SUN's net income for the three months ended September 30, 2000 was
$1,771,000 ($0.26 per share basic and diluted) as compared to $2,251,000 for the
three months ended September 30, 1999 ($0.33 per share basic and diluted). The
quarterly earnings decrease resulted primarily from the two items that follow.
First, the provision for possible loan loss was increased $150,000 due to loan
growth and a change in the mix of SUN's loan portfolio. Second, SUN recognized
$517,000 in net security gains for the three months ended September 30, 1999 as
compared to $247,000 for the three months ended September 30, 2000.
Management's ongoing efforts to improve credit quality resulted in a
significant improvement in the loan delinquency ratio (all loans past due),
which declined to 1.41% at September 30, 2000 from 2.05% at December 31, 1999.
In addition, SUN reported record levels of deposits and total assets at
September 30, 2000.
The nine-month decrease in earnings resulted primarily from the investment
portfolio restructuring in the second quarter, which resulted in a $2,265,000
loss on securities sales. For the nine months ended September 30, 2000 realized
security losses are $2,003,000 as compared to security gains of $1,536,000 for
the nine months ended September 30, 1999. In addition, SUN's management has
increased the provision for loan losses by $550,000 to $1,900,000 for the nine
months ended September 30, 2000. The nine-month earnings produced Return on
Average Assets (ROA) of 0.68% and Return on Average Equity (ROE) of 8.57%. For
the same period in 1999, SUN's ROA was 1.38% and ROE was 13.78%.
Since the acquisition of Bucktail Bank and Trust Company on June 30, 1997,
generally accepting accounting principles require management to reflect the
effects of goodwill amortization expense on SUN's financial statements.
Excluding goodwill, SUN's ROA would be 0.79% and ROE would be 11.83%. For the
same period in 1999, excluding goodwill would have resulted in ROA of 1.52% and
ROE would be 17.59%
RESULTS OF OPERATIONS - THREE MONTHS ENDED SEPTEMBER 30, 2000 AND 1999
Net interest income increased to $5,417,000 for the three months ended
September 30, 2000 as compared to $5,362,000 for the same period of 1999. Total
interest and dividend income
14
<PAGE>
SUN BANCORP, INC.
FORM 10-Q
PART I
Item 2. Management's Discussion and Analysis of Financial Condition and
Results of Operations (continued)
increased $1,700,000 to $13,691,000 for the three months ended September 30,
2000 as compared to 1999. Most of the increase, $1,173,000, is the result of
SUN's continued growth of the loan portfolio.

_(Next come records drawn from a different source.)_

lemma vertex_cover_forest_cover:
  assumes "graph V E" "F \<subseteq> E"
  shows "vertex_cover (constr_V V E) (constr_E V E) (forest_cover V E F)"
  unfolding vertex_cover_def
proof (intro conjI ballI)
  show "forest_cover V E F \<subseteq> constr_V V E"
    using assms(2) by (auto simp: forest_cover_def constr_V_def)
  fix x assume "x \<in> constr_E V E"
  then show "x \<inter> forest_cover V E F \<noteq> {}"
  proof (cases rule: constr_E_cases)
    case (gadget e)
    have "W1 e \<in> forest_cover V E F" "W2 e \<in> forest_cover V E F"
      "Yb e \<in> forest_cover V E F \<or> Ya e \<in> forest_cover V E F"
      "Yc e \<in> forest_cover V E F \<or> Ya e \<in> forest_cover V E F"
      using gadget(1) by (auto simp: forest_cover_def)
    with gadget(2) show ?thesis by (elim insertE emptyE) blast+
  qed (auto simp: forest_cover_def dest: edge_subset_if_graph[OF assms(1)])
qed

lemma card_forest_cover:
  assumes "finite V" "finite E" "F \<subseteq> E"
  shows "card (forest_cover V E F) = card V + 3 * card E + card F"
proof -
  have "finite F" using assms(2,3) by (rule finite_subset[rotated])
  have card_inj_image: "inj f \<Longrightarrow> card (f ` A) = card A" for f :: "'b \<Rightarrow> 'a node" and A
    by (simp add: card_image inj_on_subset)
  have "card (forest_cover V E F) = card (Zv ` V) + card (W1 ` E) + card (W2 ` E) +
      card (Ya ` (E - F)) + card (Yb ` F) + card (Yc ` F)"
    unfolding forest_cover_def using assms(1,2) \<open>finite F\<close>
    by (subst card_Un_disjoint; auto)+
  also have "\<dots> = card V + 3 * card E + card F"
    using assms card_mono[OF assms(2,3)]
    by (simp add: card_inj_image inj_def card_Diff_subset \<open>finite F\<close>)
  finally show ?thesis .
qed

lemma gadgets_subset_forest_cover:
  "graph V E \<Longrightarrow> F \<subseteq> E \<Longrightarrow> \<Union>(\<Union>(gadget ` F)) \<subseteq> forest_cover V E F"
  using edge_subset_if_graph by (fastforce simp: gadget_def forest_cover_def)

fun pendant_mate :: "'a node \<Rightarrow> 'a node" where
  "pendant_mate (Zv w) = Pv w"
| "pendant_mate (Ya e) = Yc e"
| "pendant_mate (W1 e) = P1 e"
| "pendant_mate (W2 e) = P2 e"
| "pendant_mate n = n"

lemma card_le_vc_constr:
  assumes "graph V E"
  shows "card V + 3 * card E \<le> vc (constr_V V E) (constr_E V E)"
proof -
  have finite: "finite V" "finite E"
    using assms finite_edges_if_graph by (auto simp: graph_def)
  let ?X = "forest_cover V E {}"
  have "card ?X \<le> vc (constr_V V E) (constr_E V E)"
  proof (rule card_le_vc_if_matching)
    show "inj_on pendant_mate ?X" by (auto simp: inj_on_def forest_cover_def)
    show "?X \<inter> pendant_mate ` ?X = {}" by (auto simp: forest_cover_def)
    show "{x, pendant_mate x} \<in> constr_E V E" if "x \<in> ?X" for x
      using that unfolding forest_cover_def
      by (elim UnE imageE; auto simp: constr_E_def doubleton_eq_iff)
    show "finite (constr_V V E)" using finite by (simp add: constr_V_def)
    show "vertex_cover (constr_V V E) (constr_E V E) ?X"
      using assms by (rule vertex_cover_forest_cover) simp
  qed
  then show ?thesis using card_forest_cover[OF finite] by simp
qed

The majority of the remaining
increase is the result of SUN's restructuring of the investment portfolio
into higher yielding securities. Total interest expense increased $1,645,000
to $8,274,000 for the three months ended September 30, 2000, as compared to
1999. Of the increase, $1,052,000 is the result of the growth in deposits
along with higher rates being paid on certificates of deposit. The remaining
increase in interest expense is the result of increased borrowings at higher
rates used to fund loan and investment growth. The provision for possible
loan losses increased 33.3% to $600,000 for the three months ended September
30, 2000. This increase is the result of growth in our net loan portfolio of
$41,403,000, from September 30, 1999, even though the delinquency ratio (all
loans past due) has fallen to 1.41% from 2.03% at September 30, 1999.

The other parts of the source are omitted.